Sur ces derniers mots du commissaire, Lucie sirota à son tour son alcool, les yeux brillant de fatigue. Avec la lumière tamisée, les traits de Sharko s’adoucissaient. Une musique lointaine, sobre, se perdait dans le néant. Tout, en ce lieu, invitait au calme et à la séduction. Lucie sortit une photo de son portefeuille et la posa sur la table.
— Je ne vous ai pas encore présenté mes petits trésors. Celles qui me manquent terriblement. Aujourd’hui plus que jamais, je me rends compte que je ne suis pas faite pour partir loin d’elles.
Sharko s’empara du cliché avec une tendresse que Lucie ne lui connaissait pas encore.
— Juliette à droite, et Clara à gauche ?
— L’inverse. Si vous regardez bien, vous verrez que Clara possède un infime défaut dans l’iris, une tache noire semblable à un minuscule vase.
Le commissaire lui rendit la photo.
— Et leur père ?
— Il a fichu le camp il y a bien longtemps.
Lucie soupira, ses deux mains enserrant son verre.
— Cette enquête me fait mal, commissaire, parce que ce n’est plus Clara ni Juliette que je vois en regardant cette photo, mais c’est Alice Tonquin, Lydia Dorcet, et toutes les autres petites filles apeurées. Elles m’accompagnent partout, le jour comme la nuit. Je distingue leurs visages, leur terreur, j’entends leurs cris lorsqu’elles s’attaquent à ces pauvres bêtes.
— Nous avons tous nos fantômes. Elles partiront quand nous aurons résolu cette affaire. Quand toutes les portes se fermeront, elles te laisseront enfin en paix.
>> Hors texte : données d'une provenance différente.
(* For every integer $n\ge2$, if $T$ is a uniformly random standard Young tableau of shape $(n,n,n)$, then $T_{1,2}\in\{2,3,4\}$ and $$\mathbb E\big[x^{T_{1,2}}\big]=\frac{2(n-1)}{3n-1}\,x^2+\frac{8(n-1)(n+1)}{3(3n-1)(3n-2)}\,x^3+\frac{(n+1)(n+2)}{3(3n-1)(3n-2)}\,x^4 .$$
   Context: A standard Young tableau of shape $(n,n,n)$ is a bijective filling $T$ of the cells $[a,b]$ ($1\le a\le 3$, $1\le b\le n$; row $a$, column $b$) by $\{1,\dots,3n\}$ that increases along each row and down each column. $T_{a,b}$ denotes the entry in cell $[a,b]$. *)

theory Defs
  imports "HOL-Probability.Probability"
begin

definition cells3 :: "nat \<Rightarrow> (nat \<times> nat) set" where
  "cells3 n = {1..3} \<times> {1..n}"

text \<open>Standard Young tableaux of shape (n,n,n), as functions on cells,
  extended by 0 outside the shape (so that the set of tableaux is finite).\<close>
definition SYT3 :: "nat \<Rightarrow> (nat \<times> nat \<Rightarrow> nat) set" where
  "SYT3 n = {T. bij_betw T (cells3 n) {1..3*n}
              \<and> (\<forall>c. c \<notin> cells3 n \<longrightarrow> T c = 0)
              \<and> (\<forall>a b. (a, b) \<in> cells3 n \<longrightarrow> (a, Suc b) \<in> cells3 n \<longrightarrow> T (a, b) < T (a, Suc b))
              \<and> (\<forall>a b. (a, b) \<in> cells3 n \<longrightarrow> (Suc a, b) \<in> cells3 n \<longrightarrow> T (a, b) < T (Suc a, b))}"

end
Un silence. Lucie acquiesça, les yeux dans le vague.
— Et vous, commissaire ? Avez-vous déjà laissé des portes ouvertes dans votre vie ?
Sharko triturait son alliance.
— Oui… Il y a une grande, grande porte que j’aimerais bien refermer. Mais je n’y arrive pas. Peut-être parce qu’au fond de moi-même, je n’en ai pas envie.
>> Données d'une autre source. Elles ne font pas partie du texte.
(* Let $e[r]$ be an affine function of $r\in\mathbb{R}$ with $e[1]>0$ and $e[-1]>0$, and let $K$ and $U$ be as in the context. Then $K^\Lambda=K^{co}=\overline U$, where $K^{co}$ is the convex hull and $K^\Lambda$ the $\Lambda$-convex hull of $K$.
   Context: Let $n\ge2$, $\mathcal S_0^{n\times n}$ the trace-free symmetric matrices, $Z:=\mathbb{R}\times\mathbb{R}^n\times\mathbb{R}^n\times\mathcal S_0^{n\times n}\times\mathbb{R}$ with elements $z=(\rho,v,m,\sigma,p)$. $K:=\{z:\rho\in\{\pm1\},m=\rho v,v\otimes v-\sigma=e[\rho]\mathrm{Id}\}$. For $\rho\in(-1,1)$ let $M(z)=\frac{v\otimes v-\rho(m\otimes v+v\otimes m)+m\otimes m}{1-\rho^2}-\sigma$, $Q(z)=\lambda_{\max}(M(z))$ (maximal eigenvalue), $T_\pm(z)=\frac{|m\pm v|^2}{n(\rho\pm1)^2}$, and $U:=\{z:\rho\in(-1,1),T_\pm(z)<e[\pm1],Q(z)<e[\rho]\}$. Wave cone: $M_\Lambda(\bar z):=\begin{pmatrix}\bar\sigma+\bar p\,\mathrm{Id}&\bar v\\ \bar v^T&0\\ \bar m^T&\bar\rho\end{pmatrix}$, $\Lambda:=\{\bar z:\ker M_\Lambda(\bar z)\ne\{0\},(\bar\rho,\bar v)\ne0\}$. A function $h:Z\to\mathbb{R}$ is $\Lambda$-convex if $s\mapsto h(z+s\bar z)$ is convex for all $z\in Z$, $\bar z\in\Lambda$; the $\Lambda$-convex hull is $K^\Lambda:=\{z\in Z:h(z)\le\sup_Kh\text{ for all }\Lambda\text{-convex }h:Z\to\mathbb{R}\}$. *)

theory Defs
  imports "HOL-Analysis.Analysis"
begin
Lucie posa son verre et se pencha vers l’avant. Ses lèvres n’étaient plus qu’à quelques centimètres de celles de l’homme qu’elle mourait d’envie d’embrasser.
— Je sais de quelle porte il s’agit. Et je peux peut-être vous aider à la refermer.
Sharko ne parla pas tout de suite. Une partie de lui aurait bien aimé se reculer, se lever, disparaître, mais l’autre partie luttait pour qu’il reste là.
— Tu le crois réellement ?
Elle se pencha davantage et l’embrassa sur la bouche. Sharko avait baissé les paupières, ses sens s’engourdissaient comme durant une apnée trop longue qui mettait les organes en danger.
Il rouvrit les yeux.
— Tu sais qu’il n’y aura probablement pas d’avenir à ce qui risque de se passer ?
— Et moi, je crois au contraire qu’il y en aura un. Mais pour l’instant, laissons au moins sa chance au présent.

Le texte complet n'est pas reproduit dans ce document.